▶ **Problem description**
Return only what lies between the first line of the entries and the line containing "f u + r * f (u", both lines included.

***** Data to examine *****

lemma norm_fun_chord_near_sphere:
  fixes f :: "real^'n \<Rightarrow> real"
  assumes nf: "is_norm_fun f" and fu: "f u = 1"
    and r: "0 < r" "r < 1" and outside: "1 \<le> f (u - r *\<^sub>R v)" and near: "f (u - v) \<le> 1 + \<delta>"
    and t: "0 \<le> t" "t \<le> 1"
  shows "\<bar>f (u - t *\<^sub>R v) - 1\<bar> \<le> \<delta> / (1 - r)"
proof -
  have "1 \<le> (1 - r) * f u + r * f (u - v)"
    using outside norm_fun_convex_comb[OF nf _ _, of r u "u - v"] r by (simp add: algebra_simps)
  also have "\<dots> \<le> 1 + r * \<delta>"
    using fu near r(1) mult_left_mono[OF near, of r] by (simp add: algebra_simps)
  finally have \<delta>: "0 \<le> \<delta>"
    using r(1) by (simp add: zero_le_mult_iff)
  have "f (u - t *\<^sub>R v) \<le> (1 - t) * f u + t * f (u - v)"
    using norm_fun_convex_comb[OF nf t, of u "u - v"] by (simp add: algebra_simps)
  also have "\<dots> \<le> 1 + \<delta>"
    using fu t mult_left_mono[OF near t(1)] mult_left_le_one_le[OF \<delta> t] by (simp add: algebra_simps)
  also have "\<dots> \<le> 1 + \<delta> / (1 - r)"
    using r \<delta> by (simp add: le_divide_eq algebra_simps)
  finally have "f (u - t *\<^sub>R v) \<le> 1 + \<delta> / (1 - r)" .
  moreover have "1 - \<delta> / (1 - r) \<le> f (u - t *\<^sub>R v)"
  proof (cases "r \<le> t")
    case True
    then have "1 \<le> f (u - t *\<^sub>R v)"
      by (rule norm_fun_ge_1_beyond[OF nf fu r(1) _ outside])
    moreover have "0 \<le> \<delta> / (1 - r)"
      using \<delta> r by simp
    ultimately show ?thesis
      by linarith
  next
    case False
    then show ?thesis
      using norm_fun_ge_before[OF nf t(1) _ r(2) outside near \<delta>] by simp
  qed
  ultimately show ?thesis
    by (simp add: abs_le_iff)
qed

lemma norm_fun_chord_limit_on_sphere:
  fixes f :: "real^'n \<Rightarrow> real"
  assumes nf: "is_norm_fun f" and \<rho>: "\<rho> < 1"
    and U: "U \<longlonglongrightarrow> u" and V: "V \<longlonglongrightarrow> v" and \<epsilon>: "\<epsilon> \<longlonglongrightarrow> 0"
    and chords: "\<And>k. f (U k) = 1 \<and> 0 < R k \<and> R k < \<rho> \<and>
      1 \<le> f (U k - R k *\<^sub>R V k) \<and> f (U k - V k) \<le> 1 + \<epsilon> k"
    and t: "0 \<le> t" "t \<le> 1"
  shows "f (u - t *\<^sub>R v) = 1"
proof -
  have "isCont f (u - t *\<^sub>R v)"
    using norm_fun_continuous_on[OF nf, of UNIV] by (simp add: continuous_on_eq_continuous_at)
  moreover have "(\<lambda>k. U k - t *\<^sub>R V k) \<longlonglongrightarrow> u - t *\<^sub>R v"
    by (intro tendsto_diff tendsto_scaleR tendsto_const U V)
  ultimately have "(\<lambda>k. f (U k - t *\<^sub>R V k)) \<longlonglongrightarrow> f (u - t *\<^sub>R v)"
    by (rule isCont_tendsto_compose)
  then have lim: "(\<lambda>k. \<bar>f (U k - t *\<^sub>R V k) - 1\<bar>) \<longlonglongrightarrow> \<bar>f (u - t *\<^sub>R v) - 1\<bar>"
    by (intro tendsto_rabs tendsto_diff tendsto_const)
  have bound_lim: "(\<lambda>k. \<epsilon> k / (1 - \<rho>)) \<longlonglongrightarrow> 0"
    using \<epsilon> by (rule tendsto_divide_zero)
  have bound: "\<bar>f (U k - t *\<^sub>R V k) - 1\<bar> \<le> \<epsilon> k / (1 - \<rho>)" for k
  proof -
    have "\<bar>f (U k - t *\<^sub>R V k) - 1\<bar> \<le> \<epsilon> k / (1 - R k)"
      using chords[of k] \<rho> t by (intro norm_fun_chord_near_sphere[OF nf]) auto
    moreover have "0 \<le> \<epsilon> k / (1 - R k)"
      using calculation by linarith
    then have "\<epsilon> k / (1 - R k) \<le> \<epsilon> k / (1 - \<rho>)"
      using chords[of k] \<rho> by (intro divide_left_mono) (auto simp: zero_le_divide_iff)
    ultimately show ?thesis
      by linarith
  qed
  have "\<bar>f (u - t *\<^sub>R v) - 1\<bar> \<le> 0"
    using LIMSEQ_le[OF lim bound_lim] bound by blast
  then show ?thesis
    by simp
qed

definition chord_gap :: "(real^'n \<Rightarrow> real) \<Rightarrow> real \<Rightarrow> real \<Rightarrow> bool" where
  "chord_gap f \<rho> \<delta> \<longleftrightarrow> (\<forall>u v r. f u = 1 \<longrightarrow> f v = 1 \<longrightarrow> 0 < r \<longrightarrow> r < \<rho> \<longrightarrow>
     1 \<le> f (u - r *\<^sub>R v) \<longrightarrow> 1 + \<delta> < f (u - v))"

lemma strictly_convex_norm_chord_gap:
  fixes f :: "real^'n \<Rightarrow> real"
  assumes sc: "strictly_convex_norm f" and \<rho>: "\<rho> < 1"
  obtains \<delta> where "\<delta> > 0" "chord_gap f \<rho> \<delta>"
proof -
  have nf: "is_norm_fun f"
    using sc by (simp add: strictly_convex_norm_def)
  have "\<exists>\<delta>>0. chord_gap f \<rho> \<delta>"
  proof (rule ccontr)
    assume "\<not> (\<exists>\<delta>>0. chord_gap f \<rho> \<delta>)"
    then have no_gap: "\<not> chord_gap f \<rho> \<delta>" if "\<delta> > 0" for \<delta>
      using that by blast
    define P where "P k u v r \<longleftrightarrow> f u = 1 \<and> f v = 1 \<and> 0 < r \<and> r < \<rho> \<and>
      1 \<le> f (u - r *\<^sub>R v) \<and> f (u - v) \<le> 1 + inverse (real (Suc k))" for k u v r
    have "\<exists>u v r. P k u v r" for k
      using no_gap[of "inverse (real (Suc k))"] by (auto simp: chord_gap_def P_def not_less)
    then have "\<forall>k. \<exists>w. P k (fst w) (fst (snd w)) (snd (snd w))"
      by simp
    then obtain W where W: "\<And>k. P k (fst (W k)) (fst (snd (W k))) (snd (snd (W k)))"
      by (metis choice)
    define U V R where "U k = fst (W k)" and "V k = fst (snd (W k))" and "R k = snd (snd (W k))"
      for k
    have P: "P k (U k) (V k) (R k)" for k
      using W by (simp add: U_def V_def R_def)
    let ?S = "{x. f x = 1} \<times> {x. f x = 1}"
    have "seq_compact ?S"
      using compact_Times[OF compact_norm_fun_sphere[OF nf] compact_norm_fun_sphere[OF nf]]
      by (rule compact_imp_seq_compact)
    moreover have "\<forall>k. (U k, V k) \<in> ?S"
      using P by (simp add: P_def)
    ultimately obtain l \<sigma> where "l \<in> ?S" "strict_mono \<sigma>" "((\<lambda>k. (U k, V k)) \<circ> \<sigma>) \<longlonglongrightarrow> l"
      by (rule seq_compactE)
    then obtain u v where uv: "(u, v) \<in> ?S" "strict_mono \<sigma>"
      and lim: "((\<lambda>k. (U k, V k)) \<circ> \<sigma>) \<longlonglongrightarrow> (u, v)"
      by (cases l) auto
    have "(\<lambda>k. inverse (real (Suc (\<sigma> k)))) \<longlonglongrightarrow> 0"
      using LIMSEQ_subseq_LIMSEQ[OF LIMSEQ_inverse_real_of_nat uv(2)] by (simp add: o_def)
    then have on_sphere: "f (u - t *\<^sub>R v) = 1" if "0 \<le> t" "t \<le> 1" for t
      using tendsto_fst[OF lim] tendsto_snd[OF lim] P \<rho> that
      by (intro norm_fun_chord_limit_on_sphere[OF nf \<rho>, of "U \<circ> \<sigma>" u "V \<circ> \<sigma>" v "\<lambda>k. inverse (real (Suc (\<sigma> k)))" "R \<circ> \<sigma>"])
        (auto simp: o_def P_def)
    have "closed_segment u (u - v) \<subseteq> frontier {z. f z \<le> 1}"
    proof
      fix y
      assume "y \<in> closed_segment u (u - v)"
      then obtain t where "0 \<le> t" "t \<le> 1" "y = u - t *\<^sub>R v"
        unfolding closed_segment_def by (auto simp: algebra_simps)
      then show "y \<in> frontier {z. f z \<le> 1}"
        using on_sphere norm_fun_eq_1_in_frontier[OF nf] by simp
    qed
    moreover have "u \<noteq> u - v"
      using uv(1) norm_fun_eq_0_iff[OF nf, of 0] by auto
    ultimately show False
      using sc unfolding strictly_convex_norm_def by blast
  qed
  then show thesis
    using that by blast
qed

definition packing_bound :: "(real^'n \<Rightarrow> real) \<Rightarrow> nat \<Rightarrow> bool" where
  "packing_bound f N \<longleftrightarrow> (\<forall>P \<subseteq> {x. f x \<le> 1}.
     (\<forall>x\<in>P. \<forall>y\<in>P. x \<noteq> y \<longrightarrow> 1/2 < f (x - y)) \<longrightarrow> card P \<le> N)"

lemma norm_fun_packing_bound:
  fixes f :: "real^'n \<Rightarrow> real"
  assumes nf: "is_norm_fun f"
  obtains N where "N \<ge> 1" "packing_bound f N"
proof -
  obtain C where C: "C > 0" "\<And>x. f x \<le> C * norm x"
    using norm_fun_le_norm[OF nf] by blast
  define e where "e = 1 / (4 * C)"
  have e: "e > 0"
    using C by (simp add: e_def)
  let ?B = "{x. f x \<le> 1}"
  have "?B \<subseteq> (\<Union>x\<in>?B. ball x e)"
    using e by auto
  then obtain K where K: "K \<subseteq> ?B" "finite K" "?B \<subseteq> (\<Union>c\<in>K. ball c e)"
    using compactE_image[OF compact_norm_fun_ball[OF nf], of ?B "\<lambda>x. ball x e"] by auto
  have "card P \<le> card K"
    if P: "P \<subseteq> ?B" "\<forall>x\<in>P. \<forall>y\<in>P. x \<noteq> y \<longrightarrow> 1/2 < f (x - y)" for P
  proof -
    have "\<forall>x\<in>P. \<exists>c. c \<in> K \<and> x \<in> ball c e"
      using K(3) P(1) by blast
    then obtain \<phi> where \<phi>: "\<And>x. x \<in> P \<Longrightarrow> \<phi> x \<in> K \<and> x \<in> ball (\<phi> x) e"
      by metis
    have "inj_on \<phi> P"
    proof (rule inj_onI, rule ccontr)
      fix x y
      assume xy: "x \<in> P" "y \<in> P" "\<phi> x = \<phi> y" "x \<noteq> y"
      then have "norm (x - y) < 2 * e"
        using \<phi>[OF xy(1)] \<phi>[OF xy(2)] dist_triangle_less_add[of x "\<phi> x" e y e]
        by (simp add: dist_commute dist_norm)
      then have "f (x - y) < 1/2"
        using C(1) C(2)[of "x - y"] by (simp add: e_def field_simps)
      then show False
        using P(2) xy by force
    qed
    then show ?thesis
      using \<phi> K(2) by (intro card_inj_on_le) auto
  qed
  then have "packing_bound f (Suc (card K))"
    by (auto simp: packing_bound_def le_Suc_eq)
  then show thesis
    using that[of "Suc (card K)"] by simp
qed

lemma packing_bound_close_pair:
  fixes f :: "real^'n \<Rightarrow> real"
  assumes nf: "is_norm_fun f" and N: "packing_bound f N" and ball: "\<And>i. i \<le> N \<Longrightarrow> f (X i) \<le> 1"
  obtains i k where "i < k" "k \<le> N" "f (X k - X i) \<le> 1/2"
proof -
  have "\<exists>i k. i < k \<and> k \<le> N \<and> f (X k - X i) \<le> 1/2"
  proof (rule ccontr)
    assume "\<not> (\<exists>i k. i < k \<and> k \<le> N \<and> f (X k - X i) \<le> 1/2)"
    then have sep: "1/2 < f (X k - X i)" if "i < k" "k \<le> N" for i k
      using that by (meson not_le)
    have sep': "1/2 < f (X k - X i)" if "i \<noteq> k" "k \<le> N" "i \<le> N" for i k
    proof (cases "i < k")
      case True
      then show ?thesis
        using sep that by blast
    next
      case False
      then show ?thesis
        using sep[of k i] that norm_fun_commute[OF nf, of "X k" "X i"] by simp
    qed
    have "inj_on X {0..N}"
    proof (rule inj_onI, rule ccontr)
      fix i k
      assume "i \<in> {0..N}" "k \<in> {0..N}" "X i = X k" "i \<noteq> k"
      then show False
        using sep'[of i k] norm_fun_eq_0_iff[OF nf, of 0] by simp
    qed
    then have "card (X ` {0..N}) = Suc N"
      by (simp add: card_image)
    moreover have "X ` {0..N} \<subseteq> {x. f x \<le> 1}"
      using ball by auto
    moreover have "\<forall>x\<in>X ` {0..N}. \<forall>y\<in>X ` {0..N}. x \<noteq> y \<longrightarrow> 1/2 < f (x - y)"
    proof (intro ballI impI)
      fix x y
      assume "x \<in> X ` {0..N}" "y \<in> X ` {0..N}" "x \<noteq> y"
      then obtain i k where "x = X k" "y = X i" "i \<le> N" "k \<le> N" "i \<noteq> k"
        by (metis atLeastAtMost_iff imageE)
      then show "1/2 < f (x - y)"
        using sep'[of i k] by simp
    qed
    ultimately show False
      using N unfolding packing_bound_def by (metis Suc_n_not_le_n)
  qed
  then show thesis
    using that by blast
qed

section \<open>Integer points and best approximations\<close>

lemma finite_int_vectors_bounded: "finite {b::int^'n. \<forall>i. \<bar>b $ i\<bar> \<le> L}"
proof -
  have "{b::int^'n. \<forall>i. \<bar>b $ i\<bar> \<le> L} \<subseteq> (\<lambda>g. \<chi> i. g i) ` (\<Pi>\<^sub>E i\<in>UNIV. {-L..L})"
  proof
    fix b :: "int^'n"
    assume "b \<in> {b. \<forall>i. \<bar>b $ i\<bar> \<le> L}"
    then have "(\<lambda>i. b $ i) \<in> (\<Pi>\<^sub>E i\<in>UNIV. {-L..L})"
      by (auto simp: PiE_iff abs_le_iff) (metis minus_le_iff)
    moreover have "b = (\<chi> i. (\<lambda>i. b $ i) i)"
      by simp
    ultimately show "b \<in> (\<lambda>g. \<chi> i. g i) ` (\<Pi>\<^sub>E i\<in>UNIV. {-L..L})"
      by blast
  qed
  moreover have "finite ((\<lambda>g. \<chi> i. g i) ` (\<Pi>\<^sub>E i\<in>(UNIV::'n set). {-L..L}))"
    by (intro finite_imageI finite_PiE) auto
  ultimately show ?thesis
    by (rule finite_subset)
qed

lemma approx_vec_diff:
  "q' \<le> q \<Longrightarrow> approx_vec \<alpha> q b - approx_vec \<alpha> q' b' = approx_vec \<alpha> (q - q') (b - b')"
  by (simp add: approx_vec_def vec_eq_iff of_nat_diff algebra_simps)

*****

▶ **Answer to the exercise**
lemma norm_fun_chord_near_sphere:
  fixes f :: "real^'n \<Rightarrow> real"
  assumes nf: "is_norm_fun f" and fu: "f u = 1"
    and r: "0 < r" "r < 1" and outside: "1 \<le> f (u - r *\<^sub>R v)" and near: "f (u - v) \<le> 1 + \<delta>"
    and t: "0 \<le> t" "t \<le> 1"
  shows "\<bar>f (u - t *\<^sub>R v) - 1\<bar> \<le> \<delta> / (1 - r)"
proof -
  have "1 \<le> (1 - r) * f u + r * f (u - v)"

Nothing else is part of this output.